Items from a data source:
(* The trace of any word in A, B in SL_2(C) is a polynomial in tr A, tr B and tr AB (Fricke), and
   every triple (x, y, z) is the triple (tr A, tr B, tr AB^-1) of a pair A = [[x,1],[-1,0]],
   B = [[a,0],[c,1/a]]; so P_u is well defined and may be computed on such pairs.  Transposition
   reads words backwards without changing the trace triple, whence
   phi = tr(rho(r) AB) - tr(rho(r) BA).  By Cayley-Hamilton, M^k = S_{k-1}(tr M) M - S_{k-2}(tr M) I
   for M in SL_2, which expresses rho(r) = W^n X^m (W = rho(w), X = rho(ab^-1)) through S_{n-1}(T),
   S_{n-2}(T) with T = tr W, and through S_m(z), S_{m-1}(z); what is left are polynomial identities
   modulo S_m(z)^2 - z S_m(z) S_{m-1}(z) + S_{m-1}(z)^2 = 1. *)

section \<open>Two-by-two matrices\<close>

definition mat2 :: "'a \<Rightarrow> 'a \<Rightarrow> 'a \<Rightarrow> 'a \<Rightarrow> 'a^2^2" where
  "mat2 a b c d = (\<chi> i j. if i = 1 then (if j = 1 then a else b) else (if j = 1 then c else d))"

lemma mat2_nth [simp]:
  "mat2 a b c d $1$1 = a" "mat2 a b c d $1$2 = b" "mat2 a b c d $2$1 = c" "mat2 a b c d $2$2 = d"
  by (simp_all add: mat2_def)

lemma mat2_cases:
  fixes M :: "'a^2^2"
  obtains a b c d where "M = mat2 a b c d"
proof
  show "M = mat2 (M$1$1) (M$1$2) (M$2$1) (M$2$2)"
    by (simp add: vec_eq_iff forall_2)
qed

lemma mat2_eq_iff: "mat2 a b c d = mat2 a' b' c' d' \<longleftrightarrow> a = a' \<and> b = b' \<and> c = c' \<and> d = d'"
  by (metis mat2_nth)

lemma mat_eq_mat2: "mat k = mat2 k 0 0 k"
  by (simp add: vec_eq_iff forall_2 mat_def)

lemma mat2_add [simp]: "mat2 a b c d + mat2 e f g h = mat2 (a + e) (b + f) (c + g) (d + h)"
  by (simp add: vec_eq_iff forall_2)

lemma mat2_mult [simp]:
  fixes a b c d :: "'a::comm_semiring_1"
  shows "mat2 a b c d ** mat2 e f g h = mat2 (a*e + b*g) (a*f + b*h) (c*e + d*g) (c*f + d*h)"
  by (simp add: vec_eq_iff forall_2 matrix_matrix_mult_def sum_2)

lemma trace_mat2 [simp]: "trace (mat2 a b c d) = a + d"
  by (simp add: trace_def sum_2)

lemma det_mat2 [simp]: "det (mat2 a b c d) = a * d - b * c"
  by (simp add: det_2)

> [Work request]: Copy the line containing "a b c d $1$1" and every line after it, through the last line of the records. Include nothing else.

> [Task solution]:
  "mat2 a b c d $1$1 = a" "mat2 a b c d $1$2 = b" "mat2 a b c d $2$1 = c" "mat2 a b c d $2$2 = d"
  by (simp_all add: mat2_def)

lemma mat2_cases:
  fixes M :: "'a^2^2"
  obtains a b c d where "M = mat2 a b c d"
proof
  show "M = mat2 (M$1$1) (M$1$2) (M$2$1) (M$2$2)"
    by (simp add: vec_eq_iff forall_2)
qed

lemma mat2_eq_iff: "mat2 a b c d = mat2 a' b' c' d' \<longleftrightarrow> a = a' \<and> b = b' \<and> c = c' \<and> d = d'"
  by (metis mat2_nth)

lemma mat_eq_mat2: "mat k = mat2 k 0 0 k"
  by (simp add: vec_eq_iff forall_2 mat_def)

lemma mat2_add [simp]: "mat2 a b c d + mat2 e f g h = mat2 (a + e) (b + f) (c + g) (d + h)"
  by (simp add: vec_eq_iff forall_2)

lemma mat2_mult [simp]:
  fixes a b c d :: "'a::comm_semiring_1"
  shows "mat2 a b c d ** mat2 e f g h = mat2 (a*e + b*g) (a*f + b*h) (c*e + d*g) (c*f + d*h)"
  by (simp add: vec_eq_iff forall_2 matrix_matrix_mult_def sum_2)

lemma trace_mat2 [simp]: "trace (mat2 a b c d) = a + d"
  by (simp add: trace_def sum_2)

lemma det_mat2 [simp]: "det (mat2 a b c d) = a * d - b * c"
  by (simp add: det_2)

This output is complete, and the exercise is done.